History on the Move – without sightseeing!

The travel writer Patrick Welch wrote an article recently explaining why he dislikes sightseeing.1 The Heritage Hub has sympathy with his feelings!

People go to many ‘visitor destinations’, and often head for the tourist attractions when they get there. Sometimes there aren’t any, which (for some) spoils the experience: but usually, the great attractions have attracted a great throng – and a great queue. Welch quotes a survey of 2000 Brits as finding that 57% were unable to name more than half of the UK’s ‘most celebrated landmarks’ – we simply don’t care enough about them, as we go jetting off to far-off places with real ‘attractions’. But whether there or here, he says, sightseeing is boring – all that walking, maps, queues, the cost…. and we often don’t remember much about it.

Welch suggests that the problem isn’t really the sights anyway – it’s the people, all in the same neck-craning queue for the great gallery or ruins as you were in at Stansted, but with more languages and more sunburn – and all getting stressed that they can’t see what they’ve come to see, or being disappointed when they do.

But suppose we pretended to be “locals”?

Locals rarely visit their local attractions, and never in a throng.
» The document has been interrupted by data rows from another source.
lemma perm_expect_inverse:
  assumes "bij_betw qA {..<N} {..<N}" "bij_betw qB {..<N} {..<N}" "bij_betw qC {..<N} {..<N}"
    and "\<And>k. k < N \<Longrightarrow> pA k < N" "\<And>k. k < N \<Longrightarrow> pB k < N" "\<And>k. k < N \<Longrightarrow> pC k < N"
    and "\<And>k. k < N \<Longrightarrow> qA (pA k) = k" "\<And>k. k < N \<Longrightarrow> qB (pB k) = k" "\<And>k. k < N \<Longrightarrow> qC (pC k) = k"
  shows "perm_expect N psi qA qB qC = cnj (perm_expect N psi pA pB pC)"
proof -
  have "perm_amplitude N psi (qA \<circ> pA) (qB \<circ> pB) (qC \<circ> pC) x = perm_amplitude N psi id id id x" for x
    by (rule perm_amplitude_cong) (simp_all add: assms(7-9))
  then have "perm_expect N psi pA pB pC =
    (\<Sum>x\<in>configs N. cnj (perm_amplitude N psi qA qB qC x) * perm_amplitude N psi id id id x)"
    using perm_expect_reindex_copies[where psi = psi and pA = pA and pB = pB and pC = pC,
        OF assms(1-6)]
    by simp
  then show ?thesis
    unfolding perm_expect_eq_sum_amplitudes by (simp add: mult.commute)
qed

lemma perm_amplitude_norm:
  assumes "pure_state psi"
  shows "(\<Sum>x\<in>configs N. (cmod (perm_amplitude N psi id id id x))\<^sup>2) = 1"
proof -
  have "(\<Sum>x\<in>configs N. (cmod (perm_amplitude N psi id id id x))\<^sup>2) =
        (\<Sum>x\<in>configs N. \<Prod>k<N. (cmod (psi (x k)))\<^sup>2)"
    unfolding perm_amplitude_def by (simp add: prod_norm[symmetric] prod_power_distrib)
  also have "\<dots> = (\<Prod>k<N. \<Sum>v\<in>UNIV. (cmod (psi v))\<^sup>2)"
    by (rule prod_sum_PiE[symmetric]) auto
  finally show ?thesis using assms unfolding pure_state_def by simp
qed

text \<open>Termwise \<open>|\<langle>u, v\<rangle>| \<le> (\<parallel>u\<parallel>\<^sup>2 + \<parallel>v\<parallel>\<^sup>2) / 2\<close>, where \<open>v\<close>, a coordinate permutation of
  the unit vector \<open>u\<close>, is again a unit vector.\<close>
lemma norm_perm_expect_le_1:
  assumes psi: "pure_state psi"
    and "bij_betw pA {..<N} {..<N}" "bij_betw pB {..<N} {..<N}" "bij_betw pC {..<N} {..<N}"
  shows "cmod (perm_expect N psi pA pB pC) \<le> 1"
proof -
  let ?u = "perm_amplitude N psi id id id" and ?v = "perm_amplitude N psi pA pB pC"
  have into: "\<And>k. k < N \<Longrightarrow> p k < N" if "bij_betw p {..<N} {..<N}" for p
    using that by (auto simp: bij_betw_def)
  have "?v x = ?u (mix_copies N pA pB pC x)" for x
    using assms(2-4) by (simp add: perm_amplitude_mix_copies into)
  then have norm_v: "(\<Sum>x\<in>configs N. (cmod (?v x))\<^sup>2) = 1"
    using sum.reindex_bij_betw[OF bij_betw_mix_copies[OF assms(2-4)], of "\<lambda>y. (cmod (?u y))\<^sup>2"]
      perm_amplitude_norm[OF psi]
    by simp
  have "cmod (perm_expect N psi pA pB pC) \<le> (\<Sum>x\<in>configs N. cmod (cnj (?u x) * ?v x))"
    unfolding perm_expect_eq_sum_amplitudes by (rule norm_sum)
  also have "\<dots> \<le> (\<Sum>x\<in>configs N. ((cmod (?u x))\<^sup>2 + (cmod (?v x))\<^sup>2) / 2)"
  proof (rule sum_mono)
    fix x
    have "0 \<le> (cmod (?u x) - cmod (?v x))\<^sup>2" by simp
    then show "cmod (cnj (?u x) * ?v x) \<le> ((cmod (?u x))\<^sup>2 + (cmod (?v x))\<^sup>2) / 2"
      by (simp add: norm_mult power2_eq_square algebra_simps)
  qed
  also have "\<dots> = 1"
    using perm_amplitude_norm[OF psi, of N] norm_v
    by (simp add: sum_divide_distrib[symmetric] sum.distrib)
  finally show ?thesis .
qed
And already digital travel and accommodation have made it easier for visitors, at least for a day or two, to stay in a flat rather than a hotel – and so to ignore the local attractions just as locals do, whether in London or Bangkok. It’s called “getting off the beaten track”- but it does need some effort in advance.
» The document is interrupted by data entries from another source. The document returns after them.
(* Let $r>0$ and assume $W$ satisfies (H). Let $u$ be a local minimizer of $\mathcal{E}$ with $\lim_{x\to\pm\infty}u(x)=\pm1$. Then $u$ is also a local minimizer of $\mathcal{F}$, i.e. for all $a<b$ and all $v\in L^\infty_{\rm loc}(\mathbb{R})$ with $v=u$ a.e. outside $[a+r,b-r]$, $\mathcal{F}_{(a,b)}(u)\le\mathcal{F}_{(a,b)}(v)$.
   Context: For $a<b$ and $u\in L^\infty_{\rm loc}(\mathbb{R})$: $\mathcal{F}_{(a,b)}(u):=\frac1{2r^2}\int_a^b(u(x+r)-u(x-r))^2dx+\int_a^bW(u(x))dx$ and $\mathcal{E}_{(a,b)}(u):=\frac1{2r^2}\int_a^b(\operatorname{osc}_{(x-r,x+r)}u)^2dx+\int_a^bW(u(x))dx$, with $\operatorname{osc}_I u:=\operatorname{ess\,sup}_I u-\operatorname{ess\,inf}_I u$. $u$ is a local minimizer of $\mathcal{E}$ if $\mathcal{E}_{(a,b)}(u)\le\mathcal{E}_{(a,b)}(v)$ for all $a<b$ and all $v\in L^\infty_{\rm loc}$ with $v=u$ a.e. outside $[a+r,b-r]$. Assumption (H): $W\in C(\mathbb{R})$, $W(\pm1)=0<W(t)$ for $t\ne\pm1$; $W$ strictly decreasing on $(-\infty,-1)$, strictly increasing on $(1,\infty)$; $W$ even on $[-1,1]$ with unique local maximum in $[-1,1]$ at $0$. *)

theory Defs
  imports "HOL-Analysis.Analysis"
begin

text \<open>Locally essentially bounded, Lebesgue measurable functions (representatives of
  elements of L-infinity-loc of the real line).\<close>
definition Linfty_loc :: "(real \<Rightarrow> real) set" where
  "Linfty_loc = {u. u \<in> borel_measurable lebesgue \<and>
     (\<forall>a b. \<exists>C. AE x in lebesgue. x \<in> {a..b} \<longrightarrow> \<bar>u x\<bar> \<le> C)}"

definition ess_sup_on :: "real set \<Rightarrow> (real \<Rightarrow> real) \<Rightarrow> real" where
  "ess_sup_on I u = Inf {c. AE y in lebesgue. y \<in> I \<longrightarrow> u y \<le> c}"

definition ess_inf_on :: "real set \<Rightarrow> (real \<Rightarrow> real) \<Rightarrow> real" where
  "ess_inf_on I u = Sup {c. AE y in lebesgue. y \<in> I \<longrightarrow> c \<le> u y}"

definition osc_on :: "real set \<Rightarrow> (real \<Rightarrow> real) \<Rightarrow> real" where
  "osc_on I u = ess_sup_on I u - ess_inf_on I u"

definition Fen :: "real \<Rightarrow> (real \<Rightarrow> real) \<Rightarrow> real \<Rightarrow> real \<Rightarrow> (real \<Rightarrow> real) \<Rightarrow> real" where
  "Fen r W a b u =
     1 / (2 * r\<^sup>2) * (LINT x:{a..b}|lebesgue. (u (x + r) - u (x - r))\<^sup>2)
     + (LINT x:{a..b}|lebesgue. W (u x))"

definition Een :: "real \<Rightarrow> (real \<Rightarrow> real) \<Rightarrow> real \<Rightarrow> real \<Rightarrow> (real \<Rightarrow> real) \<Rightarrow> real" where
  "Een r W a b u =
     1 / (2 * r\<^sup>2) * (LINT x:{a..b}|lebesgue. (osc_on {x - r<..<x + r} u)\<^sup>2)
     + (LINT x:{a..b}|lebesgue. W (u x))"

definition local_minimizer ::
  "(real \<Rightarrow> real \<Rightarrow> (real \<Rightarrow> real) \<Rightarrow> real) \<Rightarrow> real \<Rightarrow> (real \<Rightarrow> real) \<Rightarrow> bool" where
  "local_minimizer En r u \<longleftrightarrow>
     (\<forall>a b v. a < b \<longrightarrow> v \<in> Linfty_loc \<longrightarrow>
        (AE x in lebesgue. x \<notin> {a + r..b - r} \<longrightarrow> v x = u x) \<longrightarrow>
        En a b u \<le> En a b v)"

definition local_max_on :: "real set \<Rightarrow> (real \<Rightarrow> real) \<Rightarrow> real \<Rightarrow> bool" where
  "local_max_on S W t \<longleftrightarrow> t \<in> S \<and>
     (\<exists>d>0. \<forall>s\<in>S. \<bar>s - t\<bar> < d \<longrightarrow> W s \<le> W t)"

definition hyp_H :: "(real \<Rightarrow> real) \<Rightarrow> bool" where
  "hyp_H W \<longleftrightarrow> continuous_on UNIV W \<and> W (-1) = 0 \<and> W 1 = 0 \<and>
     (\<forall>t. t \<noteq> 1 \<and> t \<noteq> -1 \<longrightarrow> W t > 0) \<and>
     strict_antimono_on {..<-1} W \<and> strict_mono_on {1<..} W \<and>
     (\<forall>t\<in>{-1..1}. W (-t) = W t) \<and>
     (\<forall>t\<in>{-1..1}. local_max_on {-1..1} W t \<longleftrightarrow> t = 0)"

end

theory Submission
  imports Defs
begin

text \<open>
  For a.e. \<open>y\<close>, \<open>u y\<close> is bounded by the essential supremum of \<open>u\<close> over the windows
  \<open>(y - 2r, y)\<close> and \<open>(y, y + 2r)\<close>; applied to \<open>u\<close> and \<open>-u\<close> at \<open>y = x \<plusminus> r\<close> this gives
  \<open>|u(x + r) - u(x - r)| \<le> osc u\<close> on \<open>(x - r, x + r)\<close> a.e., hence \<open>F \<le> E\<close>.

  Conversely, let \<open>v\<close> compete with \<open>u\<close> for \<open>F\<close>. Sample \<open>v\<close> on the grid \<open>t + P + 2r\<nat>\<close> and
  extend the samples to a staircase that is constant on cells of length \<open>2r\<close> and equal to \<open>u\<close>
  beyond the grid, where \<open>u\<close> is within \<open>\<epsilon>\<close> of \<open>\<plusminus>1\<close>. A window of length \<open>2r\<close> meets at most
  two cells, so the oscillation term of \<open>E\<close> of the staircase is bounded by the squared increments
  of consecutive samples. Averaging over the shift \<open>t \<in> [0, 2r]\<close> turns the sums over the grid
  into the integrals defining \<open>F(v)\<close>. Since \<open>u\<close> minimizes \<open>E\<close>, this yields
  \<open>F(u) \<le> E(u) \<le> F(v) + error\<close> on a large interval containing \<open>(a, b)\<close>, on which
  \<open>F(u) - F(v)\<close> is the same as on \<open>(a, b)\<close>; the error vanishes as the grid is pushed out
  to \<open>\<plusminus>\<infinity>\<close>.
\<close>

section \<open>Null sets and locally bounded functions\<close>

lemma AE_lebesgue_iff_negligible: "(AE x in lebesgue. P x) \<longleftrightarrow> negligible {x. \<not> P x}"
  by (metis eventually_ae_filter_negligible negligible_subset order_refl)

lemma AE_lebesgue_translate:
  assumes "AE y in lebesgue. P y"
  shows "AE x in lebesgue. P (x + c)"
proof -
  have "negligible ((+) (- c) ` {y. \<not> P y})"
    using assms by (intro negligible_translation) (simp add: AE_lebesgue_iff_negligible)
  moreover have "{x. \<not> P (x + c)} = (+) (- c) ` {y. \<not> P y}"
    by (force simp: image_iff)
  ultimately show ?thesis
    by (simp only: AE_lebesgue_iff_negligible)
qed

lemma AE_lebesgue_neq: "AE x in lebesgue. x \<noteq> (p::real)"
  by (simp add: AE_lebesgue_iff_negligible)

lemma borel_measurable_lebesgue_translate:
  fixes u :: "real \<Rightarrow> real"
  assumes "u \<in> borel_measurable lebesgue"
  shows "(\<lambda>x. u (x + c)) \<in> borel_measurable lebesgue"
proof -
  have "(\<lambda>x::real. x + c) \<in> lebesgue \<rightarrow>\<^sub>M lebesgue"
    using lebesgue_affine_measurable[where c="\<lambda>x::real. 1" and t=c] by (simp add: add.commute)
  from measurable_compose[OF this assms] show ?thesis by simp
qed

lemma Linfty_locI:
  assumes "f \<in> borel_measurable lebesgue"
    and "\<And>a b. \<exists>C. AE x in lebesgue. x \<in> {a..b} \<longrightarrow> \<bar>f x\<bar> \<le> C"
  shows "f \<in> Linfty_loc"
  using assms unfolding Linfty_loc_def by auto

lemma Linfty_locD:
  assumes "f \<in> Linfty_loc"
  shows "f \<in> borel_measurable lebesgue"
    and "\<exists>C. AE x in lebesgue. x \<in> {a..b} \<longrightarrow> \<bar>f x\<bar> \<le> C"
  using assms unfolding Linfty_loc_def by auto

lemma Linfty_loc_const: "(\<lambda>x. k) \<in> Linfty_loc"
  by (rule Linfty_locI) (auto intro!: exI[of _ "\<bar>k\<bar>"])

lemma Linfty_loc_translate:
  assumes "f \<in> Linfty_loc"
  shows "(\<lambda>x. f (x + c)) \<in> Linfty_loc"
proof (rule Linfty_locI)
  show "(\<lambda>x. f (x + c)) \<in> borel_measurable lebesgue"
    by (rule borel_measurable_lebesgue_translate[OF Linfty_locD(1)[OF assms]])
  fix a b
  obtain C where "AE x in lebesgue. x \<in> {a+c..b+c} \<longrightarrow> \<bar>f x\<bar> \<le> C"
    using Linfty_locD(2)[OF assms] by blast
  from AE_lebesgue_translate[OF this, of c]
  show "\<exists>C. AE x in lebesgue. x \<in> {a..b} \<longrightarrow> \<bar>f (x + c)\<bar> \<le> C"
    by (auto elim!: eventually_mono)
qed

lemma Linfty_loc_add:
  assumes "f \<in> Linfty_loc" "g \<in> Linfty_loc"
  shows "(\<lambda>x. f x + g x) \<in> Linfty_loc"
proof (rule Linfty_locI)
  show "(\<lambda>x. f x + g x) \<in> borel_measurable lebesgue"
    using assms by (intro borel_measurable_add Linfty_locD(1))
  fix a b
  obtain C D where "AE x in lebesgue. x \<in> {a..b} \<longrightarrow> \<bar>f x\<bar> \<le> C"
    and "AE x in lebesgue. x \<in> {a..b} \<longrightarrow> \<bar>g x\<bar> \<le> D"
    using Linfty_locD(2) assms by meson
  then have "AE x in lebesgue. x \<in> {a..b} \<longrightarrow> \<bar>f x + g x\<bar> \<le> C + D"
    by eventually_elim auto
  then show "\<exists>C. AE x in lebesgue. x \<in> {a..b} \<longrightarrow> \<bar>f x + g x\<bar> \<le> C" ..
qed

lemma Linfty_loc_mult:
  assumes "f \<in> Linfty_loc" "g \<in> Linfty_loc"
  shows "(\<lambda>x. f x * g x) \<in> Linfty_loc"
proof (rule Linfty_locI)
  show "(\<lambda>x. f x * g x) \<in> borel_measurable lebesgue"
    using assms by (intro borel_measurable_times Linfty_locD(1))
  fix a b
  obtain C D where "AE x in lebesgue. x \<in> {a..b} \<longrightarrow> \<bar>f x\<bar> \<le> C"
    and "AE x in lebesgue. x \<in> {a..b} \<longrightarrow> \<bar>g x\<bar> \<le> D"
    using Linfty_locD(2) assms by meson
  then have "AE x in lebesgue. x \<in> {a..b} \<longrightarrow> \<bar>f x * g x\<bar> \<le> C * D"
    by eventually_elim (auto simp: abs_mult intro: mult_mono')
  then show "\<exists>C. AE x in lebesgue. x \<in> {a..b} \<longrightarrow> \<bar>f x * g x\<bar> \<le> C" ..
qed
The risk, of course, is that you miss everything – you’re just getting your eye in when it’s time to come home. So Welch’s suggestion is that you start (whether visiting abroad or at home) by researching what you want to see; find out when it’s quiet; and go and see it, ignoring the rest with determination. Go on the open-top tour bus to get the general layout (don’t try to walk it all in pursuit of ‘the sights’). Then, go and enjoy the rest of your holiday relaxation – whatever it is.
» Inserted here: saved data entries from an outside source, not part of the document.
lemma Rcircle_coord_real_lift:
  assumes "unitary21 C"
  shows "hform (null_of_bdry (bdry (C *v real_lift s))) (C *v e_inf) \<noteq> 0"
    and "Rcircle_coord C (bdry (C *v real_lift s)) = s"
proof -
  define v where "v = C *v real_lift s"
  have "v \<in> V0"
    unfolding v_def using unitary21_V0[OF assms] real_lift_in_real_null by blast
  define k where "k = 2 / (v$1 - v$3)"
  have "k \<noteq> 0"
    using V0_nth1_ne_nth3[OF \<open>v \<in> V0\<close>] by (simp add: k_def)
  have null: "null_of_bdry (bdry v) = k *s v"
    using null_of_bdry_bdry[OF \<open>v \<in> V0\<close>] by (simp add: k_def)
  have "hform (null_of_bdry (bdry v)) (C *v e_inf) = k"
    using assms unfolding null hform_smult_left by (simp add: v_def unitary21_def)
  moreover have "hform (null_of_bdry (bdry v)) (C *v vector [0, complex_of_real (1 / sqrt 2), 0])
      = k * complex_of_real s"
    using assms unfolding null hform_smult_left by (simp add: v_def unitary21_def hform_def)
  ultimately show "hform (null_of_bdry (bdry (C *v real_lift s))) (C *v e_inf) \<noteq> 0"
    and "Rcircle_coord C (bdry (C *v real_lift s)) = s"
    using \<open>k \<noteq> 0\<close> by (simp_all add: Rcircle_coord_def v_def)
qed

lemma continuous_on_Rcircle_coord:
  assumes "unitary21 C"
  shows "continuous_on (Rcircle_of C - {bdry (C *v e_inf)}) (Rcircle_coord C)"
proof -
  have "hform (null_of_bdry y) (C *v e_inf) \<noteq> 0" if "y \<in> Rcircle_of C - {bdry (C *v e_inf)}" for y
    using Rcircle_of_cases Rcircle_coord_real_lift(1)[OF assms] that by blast
  then show ?thesis
    unfolding Rcircle_coord_def hform_null_of_bdry by (intro continuous_intros) auto
qed

lemma continuous_on_bdry_real_lift:
  assumes "unitary21 C"
  shows "continuous_on UNIV (\<lambda>s. bdry (C *v real_lift s))"
proof -
  have "(C *v real_lift s) $ 1 - (C *v real_lift s) $ 3 \<noteq> 0" for s
    using V0_nth1_ne_nth3 unitary21_V0[OF assms] real_lift_in_real_null by fastforce
  then show ?thesis
    unfolding bdry_def matrix_vector_mult_def
    by (simp add: sum_3) (intro continuous_intros; simp add: sum_3)
qed

locale Rcircle_frame =
  fixes C :: "complex^3^3" and a b c d :: heis and \<alpha> \<beta> \<gamma> \<delta> :: complex and sb sc sd :: real
  assumes unitary: "unitary21 C"
    and lift_a: "heis_lift a = \<alpha> *s (C *v e_inf)"
    and lift_b: "heis_lift b = \<beta> *s (C *v real_lift sb)"
    and lift_c: "heis_lift c = \<gamma> *s (C *v real_lift sc)"
    and lift_d: "heis_lift d = \<delta> *s (C *v real_lift sd)"
    and nonzero: "\<alpha> \<noteq> 0" "\<beta> \<noteq> 0" "\<gamma> \<noteq> 0" "\<delta> \<noteq> 0"
    and distinct: "sb \<noteq> sc" "sb \<noteq> sd" "sc \<noteq> sd"
begin

lemma heis_bd_a: "heis_bd a = bdry (C *v e_inf)"
  and heis_bd_b: "heis_bd b = bdry (C *v real_lift sb)"
  and heis_bd_c: "heis_bd c = bdry (C *v real_lift sc)"
  and heis_bd_d: "heis_bd d = bdry (C *v real_lift sd)"
  using lift_a lift_b lift_c lift_d nonzero by (simp_all add: heis_bd_def bdry_smult)

lemma on_Rcircle_of:
  "heis_bd a \<in> Rcircle_of C" "heis_bd b \<in> Rcircle_of C"
  "heis_bd c \<in> Rcircle_of C" "heis_bd d \<in> Rcircle_of C"
  unfolding heis_bd_a heis_bd_b heis_bd_c heis_bd_d
  by (simp_all add: bdry_unitary21_e_inf_in_Rcircle_of bdry_unitary21_real_lift_in_Rcircle_of)

text \<open>In the frame, \<open>dK\<close> between \<open>a\<close> and another point is a product of scaling factors,
  so the three Ptolemy products share the factor \<open>\<surd>|\<alpha>\<beta>\<gamma>\<delta>|\<close>.\<close>
lemma ptolemy_eq_iff_between:
  "dK b c * dK a d = dK b d * dK a c + dK a b * dK c d \<longleftrightarrow> sd \<in> open_segment sb sc"
proof -
  define M where "M = sqrt (cmod \<alpha> * cmod \<beta> * cmod \<gamma> * cmod \<delta>)"
  have "M > 0"
    using nonzero by (simp add: M_def)
  have dK_real: "dK p q = sqrt (cmod \<mu> * cmod \<nu>) * \<bar>s - t\<bar>"
    if "heis_lift p = \<mu> *s (C *v real_lift s)" "heis_lift q = \<nu> *s (C *v real_lift t)" for p q \<mu> \<nu> s t
    using dK_eq_of_smult_lifts[OF unitary that] by (simp add: norm_hform_real_lift real_sqrt_mult)
  have dK_a: "dK a q = sqrt (cmod \<alpha> * cmod \<nu>)"
    if "heis_lift q = \<nu> *s (C *v real_lift t)" for q \<nu> t
    using dK_eq_of_smult_lifts[OF unitary lift_a that] by simp
  have "dK b c * dK a d = M * \<bar>sb - sc\<bar>"
    "dK b d * dK a c = M * \<bar>sb - sd\<bar>"
    "dK a b * dK c d = M * \<bar>sc - sd\<bar>"
    unfolding dK_real[OF lift_b lift_c] dK_real[OF lift_b lift_d] dK_real[OF lift_c lift_d]
      dK_a[OF lift_b] dK_a[OF lift_c] dK_a[OF lift_d] M_def
    by (simp_all add: real_sqrt_mult mult_ac)
  then have "dK b c * dK a d = dK b d * dK a c + dK a b * dK c d
      \<longleftrightarrow> \<bar>sb - sc\<bar> = \<bar>sb - sd\<bar> + \<bar>sc - sd\<bar>"
    using \<open>M > 0\<close> by (simp flip: distrib_left)
  also have "\<dots> \<longleftrightarrow> sd \<in> open_segment sb sc"
    using distinct by (auto simp: open_segment_eq_real_ivl)
  finally show ?thesis .
qed

lemma bdry_real_lift_in_punctured_iff:
  "bdry (C *v real_lift s) \<in> Rcircle_of C - {heis_bd a, heis_bd d} \<longleftrightarrow> s \<noteq> sd"
  by (simp add: heis_bd_a heis_bd_d bdry_real_lift_ne_e_inf[OF unitary]
      bdry_real_lift_eq_iff[OF unitary] bdry_unitary21_real_lift_in_Rcircle_of)

text \<open>The parameters of the closed segment from \<open>sb\<close> to \<open>sc\<close> trace a connected arc from \<open>b\<close>
  to \<open>c\<close>, which avoids \<open>d\<close> unless \<open>sd\<close> lies on it.\<close>
lemma connected_component_if_not_between:
  assumes "sd \<notin> open_segment sb sc"
  shows "heis_bd c \<in> connected_component_set (Rcircle_of C - {heis_bd a, heis_bd d}) (heis_bd b)"
proof -
  have "sd \<notin> closed_segment sb sc"
    using assms distinct by (auto simp: open_segment_def)
  define T where "T = (\<lambda>s. bdry (C *v real_lift s)) ` closed_segment sb sc"
  have "connected T"
    unfolding T_def
    by (intro connected_continuous_image connected_segment
        continuous_on_subset[OF continuous_on_bdry_real_lift[OF unitary]]) simp
  moreover have "T \<subseteq> Rcircle_of C - {heis_bd a, heis_bd d}"
    unfolding T_def image_subset_iff bdry_real_lift_in_punctured_iff
    using \<open>sd \<notin> closed_segment sb sc\<close> by blast
  moreover have "heis_bd b \<in> T" "heis_bd c \<in> T"
    by (auto simp: T_def heis_bd_b heis_bd_c)
  ultimately show ?thesis
    using connected_component_maximal by blast
qed

text \<open>On the component of \<open>b\<close> the continuous coordinate takes the values \<open>sb\<close> and \<open>sc\<close>, hence
  also \<open>sd\<close>, but the only point with coordinate \<open>sd\<close> is \<open>d\<close> itself.\<close>
lemma not_connected_component_if_between:
  assumes "sd \<in> open_segment sb sc"
  shows "heis_bd c \<notin> connected_component_set (Rcircle_of C - {heis_bd a, heis_bd d}) (heis_bd b)"
proof
  define S where "S = Rcircle_of C - {heis_bd a, heis_bd d}"
  define K where "K = connected_component_set S (heis_bd b)"
  assume "heis_bd c \<in> connected_component_set (Rcircle_of C - {heis_bd a, heis_bd d}) (heis_bd b)"
  then have "heis_bd c \<in> K"
    by (simp add: K_def S_def)
  then have "heis_bd b \<in> K"
    unfolding K_def using connected_component_in connected_component_refl_eq by fastforce
  have "K \<subseteq> S"
    unfolding K_def by (rule connected_component_subset)
  then have "K \<subseteq> Rcircle_of C - {bdry (C *v e_inf)}"
    by (auto simp: S_def heis_bd_a)
  then have "continuous_on K (Rcircle_coord C)"
    by (rule continuous_on_subset[OF continuous_on_Rcircle_coord[OF unitary]])
  then have "connected (Rcircle_coord C ` K)"
    by (rule connected_continuous_image) (simp add: K_def)
  moreover have "Rcircle_coord C (heis_bd b) = sb" "Rcircle_coord C (heis_bd c) = sc"
    by (simp_all add: heis_bd_b heis_bd_c Rcircle_coord_real_lift(2)[OF unitary])
  ultimately have "closed_segment sb sc \<subseteq> Rcircle_coord C ` K"
    using \<open>heis_bd b \<in> K\<close> \<open>heis_bd c \<in> K\<close>
    by (metis connected_convex_1 convex_contains_segment image_eqI)
  then obtain y where "y \<in> K" "Rcircle_coord C y = sd"
    using assms segment_open_subset_closed by blast
  moreover have "y \<in> S"
    using \<open>y \<in> K\<close> \<open>K \<subseteq> S\<close> by blast
  then obtain s where "y = bdry (C *v real_lift s)"
    using Rcircle_of_cases[of y C] by (auto simp: S_def heis_bd_a)
  ultimately show False
    using \<open>y \<in> S\<close> bdry_real_lift_in_punctured_iff[of s] Rcircle_coord_real_lift(2)[OF unitary, of s]
    by (simp add: S_def)
qed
What does this have to do with the Heritage Traveller?

It encourages us to take a more relaxed approach to our holiday surroundings, to resist the main attractions (and the queues), and go quietly but consciously behind the façade – there to get a better impression of the heritage of the place. Make notes for your travel diary or log, take photos, buy postcards - whatever you wish: but you’ll probably get a better impression of the place than if you throng to take in the sights.

Then, come home and tell us all about it….

Fabian Hiscock

Heritage Hub

University of Hertfordshire

1 Patrick Welch, ‘Why sightseeing ruins your hols’, Metro, 28 Nov 2016, p.37.